OmopSketch

WARNING: this package is under-development and has only been tested using mock data

The goal of OmopSketch is to characterise and visualise an OMOP CDM instance to asses if it meets the necessary criteria to answer a specific clinical question and conduct a certain study.

Installation

You can install the development version of OmopSketch from GitHub with:

# install.packages("remotes")
remotes::install_github("OHDSI/OmopSketch")

Example

Let’s start by creating a cdm object using the Eunomia mock dataset:

library(duckdb)
#> Loading required package: DBI
library(CDMConnector)
library(dplyr, warn.conflicts = FALSE)
library(OmopSketch)
con <- dbConnect(duckdb(), eunomia_dir())
cdm <- cdmFromCon(con = con, cdmSchema = "main", writeSchema = "main")
#> Note: method with signature 'DBIConnection#Id' chosen for function 'dbExistsTable',
#>  target signature 'duckdb_connection#Id'.
#>  "duckdb_connection#ANY" would also be valid
cdm
#> 
#> ── # OMOP CDM reference (duckdb) of Synthea synthetic health database ──────────
#> • omop tables: person, observation_period, visit_occurrence, visit_detail,
#> condition_occurrence, drug_exposure, procedure_occurrence, device_exposure,
#> measurement, observation, death, note, note_nlp, specimen, fact_relationship,
#> location, care_site, provider, payer_plan_period, cost, drug_era, dose_era,
#> condition_era, metadata, cdm_source, concept, vocabulary, domain,
#> concept_class, concept_relationship, relationship, concept_synonym,
#> concept_ancestor, source_to_concept_map, drug_strength
#> • cohort tables: -
#> • achilles tables: -
#> • other tables: -

Snapshot

We first create a snapshot of our database. This will allow us to track when the analysis has been conducted and capture details about the CDM version or the data release.

summariseOmopSnapshot(cdm) |>
  tableOmopSnapshot(type = "flextable")
#> ! Results have not been suppressed.

Characterise the clinical tables

Once we have collected the snapshot information, we can start characterising the clinical tables of the CDM. By using summariseClinicalRecords() and tableClinicalRecords(), we can easily visualise the main characteristics of specific clinical tables.

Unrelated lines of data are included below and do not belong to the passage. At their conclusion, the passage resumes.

lemma card_oracle_sigma_le_exp:
  fixes \<mu> :: "nat pmf"
  assumes "p > 0" and "k \<ge> 0" and "c > 0" and "pmf \<mu> 0 = 0"
    and tail: "\<And>x. x \<ge> 1 \<Longrightarrow> pmf \<mu> x \<le> k * real x powr (-p)"
    and "n \<ge> 1" and e_lower: "c * real n powr (-\<tau>) \<le> e"
  shows "finite (oracle_sigma (oracle_set \<mu> (e / 2)))"
    and "real (card (oracle_sigma (oracle_set \<mu> (e / 2))))
           \<le> 2 * exp (ln 2 * (2 * k / c) powr (1 / p) * real n powr (\<tau> / p))"
proof -
  let ?G = "oracle_set \<mu> (e / 2)"
  have e: "e / 2 > 0"
    using pos_of_powr_lower_bound[OF \<open>c > 0\<close> \<open>n \<ge> 1\<close> e_lower] by simp
  have fin: "finite ?G"
    by (rule card_oracle_set_le(1)[OF \<open>p > 0\<close> e \<open>pmf \<mu> 0 = 0\<close> tail])
  then show "finite (oracle_sigma ?G)"
    by (rule finite_oracle_sigma_card_le(1))
  have np: "real n powr (-\<tau>) > 0"
    using \<open>n \<ge> 1\<close> by simp
  have "k / (e / 2) = 2 * k / e"
    by simp
  also have "\<dots> \<le> 2 * k / (c * real n powr (-\<tau>))"
    using e_lower e np \<open>c > 0\<close> \<open>k \<ge> 0\<close> by (intro divide_left_mono) auto
  also have "\<dots> = (2 * k / c) * real n powr \<tau>"
    using np \<open>c > 0\<close> by (simp add: powr_minus field_simps)
  finally have "(k / (e / 2)) powr (1 / p) \<le> ((2 * k / c) * real n powr \<tau>) powr (1 / p)"
    using e \<open>k \<ge> 0\<close> \<open>p > 0\<close> by (intro powr_mono2) auto
  also have "\<dots> = (2 * k / c) powr (1 / p) * (real n powr \<tau>) powr (1 / p)"
    by (rule powr_mult)
  also have "\<dots> = (2 * k / c) powr (1 / p) * real n powr (\<tau> / p)"
    by (simp add: powr_powr)
  finally have card_G: "real (card ?G) \<le> (2 * k / c) powr (1 / p) * real n powr (\<tau> / p)"
    using card_oracle_set_le(2)[OF \<open>p > 0\<close> e \<open>pmf \<mu> 0 = 0\<close> tail] by linarith
  have "card (oracle_sigma ?G) \<le> 2 * 2 ^ card ?G"
    by (rule finite_oracle_sigma_card_le(2)[OF fin])
  then have "real (card (oracle_sigma ?G)) \<le> 2 * 2 ^ card ?G"
    using of_nat_mono[where 'a = real] by fastforce
  also have "(2::real) ^ card ?G = exp (ln 2 * real (card ?G))"
    by (subst mult.commute, subst exp_of_nat_mult) simp
  also have "\<dots> \<le> exp (ln 2 * (2 * k / c) powr (1 / p) * real n powr (\<tau> / p))"
    using card_G by (simp add: mult.assoc)
  finally show "real (card (oracle_sigma ?G))
      \<le> 2 * exp (ln 2 * (2 * k / c) powr (1 / p) * real n powr (\<tau> / p))"
    by simp
qed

summariseClinicalRecords(cdm, c("condition_occurrence", "drug_exposure")) |>
  tableClinicalRecords(type = "flextable")
#> ℹ Summarising table counts
#> ℹ The following estimates will be computed:
#> → Start summary of data, at 2024-09-25 12:14:06.676817
#> 
#> ✔ Summary finished, at 2024-09-25 12:14:06.815944
#> ℹ Summarising records per person
#> ℹ The following estimates will be computed:
#> • records_per_person: mean, sd, median, q25, q75, min, max
#> ! Table is collected to memory as not all requested estimates are supported on
#>   the database side
#> → Start summary of data, at 2024-09-25 12:14:07.908258
#> 
#> ✔ Summary finished, at 2024-09-25 12:14:07.955041
#> ℹ Summarising in_observation, standard, domain_id, and type information
#> ℹ Summarising table counts
#> ℹ The following estimates will be computed:
#> → Start summary of data, at 2024-09-25 12:14:11.725276
#> 
#> ✔ Summary finished, at 2024-09-25 12:14:11.877293
#> ℹ Summarising records per person
#> ℹ The following estimates will be computed:
#> • records_per_person: mean, sd, median, q25, q75, min, max
#> ! Table is collected to memory as not all requested estimates are supported on
#>   the database side
#> → Start summary of data, at 2024-09-25 12:14:12.808874
#> 
#> ✔ Summary finished, at 2024-09-25 12:14:12.850686
#> ℹ Summarising in_observation, standard, domain_id, and type information
#> ! Results have not been suppressed.

We can also explore trends in the clinical table records over time.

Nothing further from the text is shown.